== Recorded data

(* Let $G$ be a non-trivial graph with maximum degree $\Delta$. Then $$ \begin{aligned} \tfrac{8}{11}\, H(G) \le H(\mathcal{L}(G)) \le H(G) & \quad \text{ if } \Delta<3,\\ \tfrac{4}{\Delta+3}\, H(G) \le H(\mathcal{L}(G)) \le (\Delta-1) H(G) & \quad \text{ if } 3 \le \Delta \le 4,\\ \tfrac{3}{2\Delta-1}\, H(G) \le H(\mathcal{L}(G)) \le (\Delta-1) H(G) & \quad \text{ if } \Delta>4. \end{aligned} $$
   Context: All graphs are finite and simple. A graph is non-trivial if each of its connected components has at least two edges. $d_u$ is the degree of $u$. The harmonic index is $H(G)=\sum_{uv\in E(G)}\frac{2}{d_u+d_v}$. The line graph $\mathcal{L}(G)$ has vertex set $E(G)$, two vertices being adjacent iff the corresponding edges share an end vertex in $G$. *)

theory Defs
  imports Complex_Main
begin

definition graph :: "'a set \<Rightarrow> 'a set set \<Rightarrow> bool" where
  "graph V E \<longleftrightarrow> finite V \<and> (\<forall>e\<in>E. e \<subseteq> V \<and> card e = 2)"

definition degree :: "'a set set \<Rightarrow> 'a \<Rightarrow> nat" where
  "degree E u = card {e \<in> E. u \<in> e}"

definition max_degree :: "'a set \<Rightarrow> 'a set set \<Rightarrow> nat" where
  "max_degree V E = Max (degree E ` V)"

definition adjacent :: "'a set set \<Rightarrow> 'a \<Rightarrow> 'a \<Rightarrow> bool" where
  "adjacent E u v \<longleftrightarrow> {u, v} \<in> E"

definition component :: "'a set \<Rightarrow> 'a set set \<Rightarrow> 'a \<Rightarrow> 'a set" where
  "component V E v = {w \<in> V. (adjacent E)\<^sup>*\<^sup>* v w}"

definition nontrivial_graph :: "'a set \<Rightarrow> 'a set set \<Rightarrow> bool" where
  "nontrivial_graph V E \<longleftrightarrow>
     (\<forall>v\<in>V. card {e \<in> E. e \<subseteq> component V E v} \<ge> 2)"

definition harmonic_index :: "'a set set \<Rightarrow> real" where
  "harmonic_index E = (\<Sum>e\<in>E. 2 / (\<Sum>u\<in>e. real (degree E u)))"

definition line_graph_edges :: "'a set set \<Rightarrow> 'a set set set" where
  "line_graph_edges E = {{e, f} | e f. e \<in> E \<and> f \<in> E \<and> e \<noteq> f \<and> e \<inter> f \<noteq> {}}"

end

theory Submission
  imports Defs
begin

(* Two edges of G that meet share exactly one vertex, so H(L(G)) is a sum over the vertices w of G of
   S(w) = sum of 1/(k(e) + k(f)) over ordered pairs of distinct edges e, f at w, where k(e) = d(w) + d(u) - 2
   is the degree of e = wu in L(G). Splitting the term 2/(d(w) + d(u)) of every edge wu of H(G) between its
   two ends, with shares adding up to 1, writes H(G) as a sum of vertex charges as well, and it suffices to
   compare S(w) with the charge of w, a comparison involving only d(w), the degrees of the neighbours of w,
   and Delta.
   A pendant edge is charged entirely to its inner end (non-triviality excludes isolated edges); for the
   lower bound, an edge joining a vertex of degree 2 to one of degree at least 3 is charged to the latter.
   At a vertex of degree 2 the comparison is made directly; at a vertex of degree d >= 3 it is made edge
   by edge, since each edge at w meets d - 1 others whose k lies between d - 1 and d + Delta - 2. *)

section \<open>Degrees in a graph and its line graph\<close>

abbreviation incident_edges :: "'a set set \<Rightarrow> 'a \<Rightarrow> 'a set set" where
  "incident_edges E w \<equiv> {e \<in> E. w \<in> e}"

abbreviation edge_neighbours :: "'a set set \<Rightarrow> 'a set \<Rightarrow> 'a set set" where
  "edge_neighbours E e \<equiv> {f \<in> E. f \<noteq> e \<and> e \<inter> f \<noteq> {}}"

lemma graph_finite_edges: "graph V E \<Longrightarrow> finite E"
  unfolding graph_def by (metis Pow_iff finite_Pow_iff finite_subset subsetI)

lemma graph_edge_other_end:
  assumes "graph V E" "e \<in> E" "w \<in> e"
  obtains u where "e = {w, u}" "u \<noteq> w" "u \<in> V" "w \<in> V"
proof -
  have e: "card e = 2" "e \<subseteq> V" using assms by (auto simp: graph_def)
  then have "card (e - {w}) = 1" using assms(3) by (simp add: card_ge_0_finite)
  then obtain u where "e - {w} = {u}" by (rule card_1_singletonE)
  then have "e = {w, u}" "u \<noteq> w" using assms(3) by auto
  then show ?thesis using that e(2) by auto
qed

lemma graph_edge_eq_doubleton:
  assumes "graph V E" "e \<in> E" "u \<in> e" "v \<in> e" "u \<noteq> v"
  shows "e = {u, v}"
  using graph_edge_other_end[OF assms(1-3)] assms(4,5) by auto

lemma finite_incident_edges: "graph V E \<Longrightarrow> finite (incident_edges E w)"
  by (simp add: graph_finite_edges)

lemma degree_ge_1: "graph V E \<Longrightarrow> e \<in> E \<Longrightarrow> w \<in> e \<Longrightarrow> 1 \<le> degree E w"
  unfolding degree_def by (auto simp: Suc_le_eq card_gt_0_iff finite_incident_edges)

lemma degree_le_max_degree: "graph V E \<Longrightarrow> w \<in> V \<Longrightarrow> degree E w \<le> max_degree V E"
  unfolding max_degree_def graph_def by simp

lemma incident_edges_degree_1:
  assumes "e \<in> E" "w \<in> e" "degree E w = 1"
  shows "incident_edges E w = {e}"
  using assms by (metis (mono_tags, lifting) card_1_singletonE degree_def mem_Collect_eq singletonD)

lemma adjacent_rtranclp_closed:
  assumes "(adjacent E)\<^sup>*\<^sup>* v z" "v \<in> S" "\<And>x y. x \<in> S \<Longrightarrow> {x, y} \<in> E \<Longrightarrow> y \<in> S"
  shows "z \<in> S"
  using assms(1,2) by (induction rule: rtranclp_induct) (auto simp: adjacent_def assms(3))

lemma nontrivial_graph_no_isolated_edge:
  assumes g: "graph V E" and nt: "nontrivial_graph V E" and e: "{w, u} \<in> E" "w \<noteq> u"
    and "degree E w = 1"
  shows "degree E u \<noteq> 1"
proof
  assume "degree E u = 1"
  then have only_e: "incident_edges E v = {{w, u}}" if "v \<in> {w, u}" for v
    using that incident_edges_degree_1[OF e(1)] \<open>degree E w = 1\<close> by auto
  have closed: "y \<in> {w, u}" if "x \<in> {w, u}" "{x, y} \<in> E" for x y
  proof -
    have "{x, y} \<in> incident_edges E x" using that(2) by simp
    then have "{x, y} = {w, u}" unfolding only_e[OF that(1)] by simp
    then show ?thesis by (metis insertCI)
  qed
  have "{f \<in> E. f \<subseteq> component V E w} \<subseteq> {{w, u}}"
  proof
    fix f assume f: "f \<in> {f \<in> E. f \<subseteq> component V E w}"
    have "f \<subseteq> {w, u}"
    proof
      fix z assume "z \<in> f"
      then have "(adjacent E)\<^sup>*\<^sup>* w z" using f by (auto simp: component_def)
      then show "z \<in> {w, u}" by (rule adjacent_rtranclp_closed[OF _ _ closed]) simp
    qed
    moreover have "card f = card {w, u}" using f g e(2) by (simp add: graph_def)
    ultimately show "f \<in> {{w, u}}" using card_subset_eq[of "{w, u}" f] by simp
  qed
  then have "card {f \<in> E. f \<subseteq> component V E w} \<le> 1"
    using card_mono[of "{{w, u}}"] by simp
  moreover have "w \<in> V" using g e(1) by (auto simp: graph_def)
  with nt have "2 \<le> card {f \<in> E. f \<subseteq> component V E w}"
    by (simp add: nontrivial_graph_def)
  ultimately show False by simp
qed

====

## Work item
In the entries above, find the line holding "e \<noteq> f" and the line holding "S(w) = sum of"; print both of them and every line between, exactly, and nothing else.

## Task response
  "line_graph_edges E = {{e, f} | e f. e \<in> E \<and> f \<in> E \<and> e \<noteq> f \<and> e \<inter> f \<noteq> {}}"

end

theory Submission
  imports Defs
begin

(* Two edges of G that meet share exactly one vertex, so H(L(G)) is a sum over the vertices w of G of
   S(w) = sum of 1/(k(e) + k(f)) over ordered pairs of distinct edges e, f at w, where k(e) = d(w) + d(u) - 2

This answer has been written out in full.